lemma defect_ee_le:
  fixes N M :: int
  assumes "M < N"
  shows "defect ee N M \<le> 2 / (N - M) * ee (N - 1) (M + 1)"
proof (cases "ee (N - 3) (M - 1) = 0")
  case True
  then show ?thesis using assms by (simp add: defect_def ee_nonneg)
next
  case False
  then have "\<not> (M - 1 < 0 \<or> N - 3 < M - 1)" using ee_eq_0 by blast
  then have "1 \<le> M" "M + 2 \<le> N" by simp_all
  define s t u where "s = real_of_int (N - M)" and "t = real_of_int (N + M)"
    and "u = real_of_int (N + M - 2)"
  have "2 \<le> s" "4 \<le> t" "2 \<le> u"
    using \<open>1 \<le> M\<close> \<open>M + 2 \<le> N\<close> unfolding s_def t_def u_def by simp_all
  have "s / u * ee (N - 3) (M - 1) \<le> ee (N - 2) M"
    using ee_step[of "N - 2" M] \<open>1 \<le> M\<close> \<open>M + 2 \<le> N\<close> unfolding s_def u_def
    by (simp add: algebra_simps)
  have "s / t * ee (N - 2) M \<le> ee (N - 1) (M + 1)"
    using ee_step[of "N - 1" "M + 1"] \<open>1 \<le> M\<close> \<open>M + 2 \<le> N\<close> unfolding s_def t_def by simp
  have "defect ee N M = 2 * (s - 2) / (t * u) * ee (N - 3) (M - 1)"
    unfolding defect_def s_def t_def u_def by simp
  also have "\<dots> \<le> 2 * s / (t * u) * ee (N - 3) (M - 1)"
    using \<open>2 \<le> u\<close> \<open>4 \<le> t\<close> by (intro mult_right_mono divide_right_mono) (simp_all add: ee_nonneg)
  also have "\<dots> = 2 / s * (s / t * (s / u * ee (N - 3) (M - 1)))"
    using \<open>2 \<le> s\<close> by (simp add: field_simps)
  also have "\<dots> \<le> 2 / s * (s / t * ee (N - 2) M)"
    using \<open>2 \<le> s\<close> \<open>4 \<le> t\<close> \<open>s / u * ee (N - 3) (M - 1) \<le> ee (N - 2) M\<close>
    by (intro mult_left_mono) simp_all
  also have "\<dots> \<le> 2 / s * ee (N - 1) (M + 1)"
    using \<open>2 \<le> s\<close> \<open>s / t * ee (N - 2) M \<le> ee (N - 1) (M + 1)\<close>
    by (intro mult_left_mono) simp_all
  finally show ?thesis unfolding s_def .
qed

lemma dn_eq_0: "m < 0 \<or> int n < m \<Longrightarrow> dn n m = 0"
  by (induction n arbitrary: m) auto

lemma dn_nonneg: "0 \<le> dn n m"
proof (induction n arbitrary: m)
  case (Suc n)
  have "0 \<le> real_of_int (int (Suc n) - m + 2) / real_of_int (int (Suc n) + m) * dn n (m - 1)"
    if "0 \<le> m"
  proof (cases "m - 1 \<le> int n")
    case True
    with that Suc.IH show ?thesis by simp
  next
    case False
    then show ?thesis by (simp add: dn_eq_0)
  qed
  with Suc.IH show ?case by simp
qed simp

lemma dd_eq_0: "0 \<le> N \<Longrightarrow> M < 0 \<or> N < M \<Longrightarrow> dd N M = 0"
  by (simp add: dd_def dn_eq_0)

lemma dd_nonneg: "0 \<le> dd N M"
  by (simp add: dd_def dn_nonneg)

lemma dd_recurrence:
  fixes N M :: int
  assumes "1 \<le> N" "0 \<le> M"
  shows "dd N M = (N - M + 2) / (N + M) * dd (N - 1) (M - 1) + dd (N - 1) (M + 1)"
proof -
  have n: "nat N = Suc (nat (N - 1))" "int (Suc (nat (N - 1))) = N" using assms(1) by simp_all
  show ?thesis unfolding dd_def n(1) using assms(2) by (simp only: dn.simps n(2)) simp
qed

lemma defect_dd_nonneg:
  assumes "3 \<le> N"
  shows "0 \<le> defect dd N M"
proof (cases "dd (N - 3) (M - 1) = 0")
  case False
  with assms have "\<not> (M - 1 < 0 \<or> N - 3 < M - 1)" using dd_eq_0[of "N - 3" "M - 1"] by auto
  then have "1 \<le> M" "M + 2 \<le> N" by simp_all
  then show ?thesis by (simp add: defect_def dd_nonneg)
qed (simp add: defect_def)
▬▬▬▬▬▬
• [TASK DETAILS] Where does the string "Longrightarrow" appear in the records above? Show every line that holds it.

• [RESPONSE]
lemma dn_eq_0: "m < 0 \<or> int n < m \<Longrightarrow> dn n m = 0"
lemma dd_eq_0: "0 \<le> N \<Longrightarrow> M < 0 \<or> N < M \<Longrightarrow> dd N M = 0"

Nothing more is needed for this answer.